Abstract
Objective
We aimed to evaluate apelin‐13 levels, total oxidant/antioxidant status in Alzheimer’s disease (AD) and to investigate the relationship between these parameters.
Methods
Patients newly diagnosed with AD were enrolled in the study. The control group consisted of age‐ and gender‐matched healthy individuals. Serum levels of apelin‐13, total antioxidant status (TAS), and total oxidant status (TOS) were measured.
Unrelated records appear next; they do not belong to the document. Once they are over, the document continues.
lemma infinite_rank_fixed_field_if_independent_twists:
  fixes a b :: complex and d :: "nat \<Rightarrow> rat"
  assumes E: "elliptic_over_Q a b" and G: "\<forall>i<n. is_GQ (\<sigma> i)"
    and s: "\<And>j. (s j)^2 = of_rat (d j)" "\<And>j. s j \<noteq> 0" "\<And>j. \<forall>i<n. \<sigma> i (s j) = s j"
    and nonsquare: "\<And>U. finite U \<Longrightarrow> U \<noteq> {} \<Longrightarrow> \<not> is_rat_square (\<Prod>j\<in>U. d j)"
    and pos: "\<And>j. positive_rank (twist_a a (of_rat (d j))) (twist_b b (of_rat (d j))) \<rat>"
  shows "infinite_rank a b (fixed_field n \<sigma>)"
proof -
  have ab: "a \<in> \<rat>" "b \<in> \<rat>" and disc: "4*a^3 + 27*b^2 \<noteq> 0"
    using E unfolding elliptic_over_Q_def by auto
  obtain P where P: "\<And>j. P j \<in> points_over (twist_a a (of_rat (d j))) (twist_b b (of_rat (d j))) \<rat>"
    and inf: "\<And>j. \<forall>k::nat. k > 0 \<longrightarrow> ec_nmult (twist_a a (of_rat (d j))) k (P j) \<noteq> Infty"
    using pos unfolding positive_rank_def by metis
  define Q where "Q j = ec_scale (s j) (P j)" for j
  note Q_props = untwisted_point[OF ab disc s(1,2) P inf, folded Q_def]
  have Q: "Q j \<in> points_over a b (rat_adjoin {s j}) \<and> Q j \<in> points_over a b (fixed_field n \<sigma>)" for j
  proof -
    obtain X Y where XY: "X \<in> \<rat>" "Y \<in> \<rat>" "Q j = Pt X (Y * s j)" using Q_props(2) by blast
    have "Y * s j \<in> rat_adjoin {s j}"
      by (rule rat_adjoin.mult[OF rat_adjoin.rat[OF XY(2)] rat_adjoin.generator]) simp
    moreover have "Y * s j \<in> fixed_field n \<sigma>" using rat_times_sqrt_in_fixed_field G s XY(2) by blast
    moreover have "X \<in> rat_adjoin {s j}" "X \<in> fixed_field n \<sigma>"
      using XY(1) rat_adjoin.rat Rats_subset_fixed_field[OF G] by auto
    ultimately show ?thesis using Q_props(1)[of j] unfolding XY(3) points_over_def by simp
  qed
  have indep: "s i \<notin> rat_adjoin (s ` S)" if "finite S" "i \<notin> S" for i S
    using sqrt_notin_rat_adjoin[OF s(1) nonsquare that] .
  show ?thesis
    by (rule infinite_rank_if_independent[where Q = Q and s = s,
          OF ab(1) conjunct1[OF Q] Q_props(3,4) indep conjunct2[OF Q]])
qed

lemma exists_nonsquares_with_fixed_sqrts:
  assumes G: "\<forall>i<n. is_GQ (\<sigma> i)" and V: "\<forall>j. sq_subspace (V j) \<and> sq_dim_is (V j) (n + 1)"
  obtains d s where "\<And>j. d j \<in> V j" "\<And>j. \<not> is_rat_square (d j)" "\<And>j. (s j)^2 = of_rat (d j)"
    "\<And>j. s j \<noteq> 0" "\<And>j. \<forall>i<n. \<sigma> i (s j) = s j"
proof -
  have "\<exists>d s. d \<in> V j \<and> \<not> is_rat_square d \<and> s^2 = of_rat d \<and> s \<noteq> 0 \<and> (\<forall>i<n. \<sigma> i s = s)" for j
  proof -
    obtain d s where "d \<in> V j" "\<not> is_rat_square d" "s^2 = of_rat d" "s \<noteq> 0" "\<forall>i<n. \<sigma> i s = s"
      using exists_nonsquare_with_fixed_sqrt[OF G] V by blast
    thus ?thesis by blast
  qed
  then obtain d s where ds: "\<And>j. d j \<in> V j \<and> \<not> is_rat_square (d j) \<and> (s j)^2 = of_rat (d j) \<and>
                             s j \<noteq> 0 \<and> (\<forall>i<n. \<sigma> i (s j) = s j)"
    by metis
  show ?thesis by (rule that[of d s]) (simp_all add: ds)
qed

theorem mainTheorem7:
  fixes a b :: complex
  assumes "elliptic_over_Q a b"
    and "\<forall>n::nat. n > 0 \<longrightarrow>
           (\<exists>V :: nat \<Rightarrow> rat set.
              (\<forall>i. sq_subspace (V i) \<and> sq_dim_is (V i) (n + 1)) \<and>
              sq_independent V \<and>
              (\<forall>i. \<forall>v \<in> V i. \<not> is_rat_square v \<longrightarrow>
                  positive_rank (twist_a a (of_rat v)) (twist_b b (of_rat v)) \<rat>))"
  shows "\<forall>n::nat. n > 0 \<longrightarrow> (\<forall>\<sigma> :: nat \<Rightarrow> complex \<Rightarrow> complex.
           (\<forall>i<n. is_GQ (\<sigma> i)) \<longrightarrow> infinite_rank a b (fixed_field n \<sigma>))"
proof (intro allI impI)
  fix n :: nat and \<sigma> :: "nat \<Rightarrow> complex \<Rightarrow> complex"
  assume "n > 0" and G: "\<forall>i<n. is_GQ (\<sigma> i)"
  obtain V where V: "\<forall>i. sq_subspace (V i) \<and> sq_dim_is (V i) (n + 1)"
    and indep: "sq_independent V"
    and pos: "\<forall>i. \<forall>v \<in> V i. \<not> is_rat_square v \<longrightarrow>
                positive_rank (twist_a a (of_rat v)) (twist_b b (of_rat v)) \<rat>"
    using assms(2)[rule_format, OF \<open>n > 0\<close>] by (elim exE conjE)
  obtain d s where d: "\<And>j. d j \<in> V j" "\<And>j. \<not> is_rat_square (d j)"
    and s: "\<And>j. (s j)^2 = of_rat (d j)" "\<And>j. s j \<noteq> 0" "\<And>j. \<forall>i<n. \<sigma> i (s j) = s j"
    using exists_nonsquares_with_fixed_sqrts[OF G V] by metis
  show "infinite_rank a b (fixed_field n \<sigma>)"
  proof (rule infinite_rank_fixed_field_if_independent_twists[OF assms(1) G s])
    show "\<not> is_rat_square (\<Prod>j\<in>U. d j)" if "finite U" "U \<noteq> {}" for U
      using indep[unfolded sq_independent_def, rule_format, of U d] that d by auto
    show "positive_rank (twist_a a (of_rat (d j))) (twist_b b (of_rat (d j))) \<rat>" for j
      using pos d by blast
  qed
qed

end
Oxidative stress index was calculated (TOS/TAS) for each participant.
Results
We reported that serum apelin‐13 and TAS values were significantly lower in the AD group compared with controls, and they found a fair but insignificant relationship between Apelin‐13 and TAS values.
Conclusion
According to our results, we suggested that insufficient apelin‐13 and TAS levels may contribute to the pathogenesis of AD.
Keywords: Alzheimer’s disease AD), apelin, oxidative stress, total antioxidant status (TAS), total oxidant status (TOS), In this study, we aimed to investigate apelin‐13 levels in AD and their relation with total antioxidant status (TAS) and total oxidant status (TOS).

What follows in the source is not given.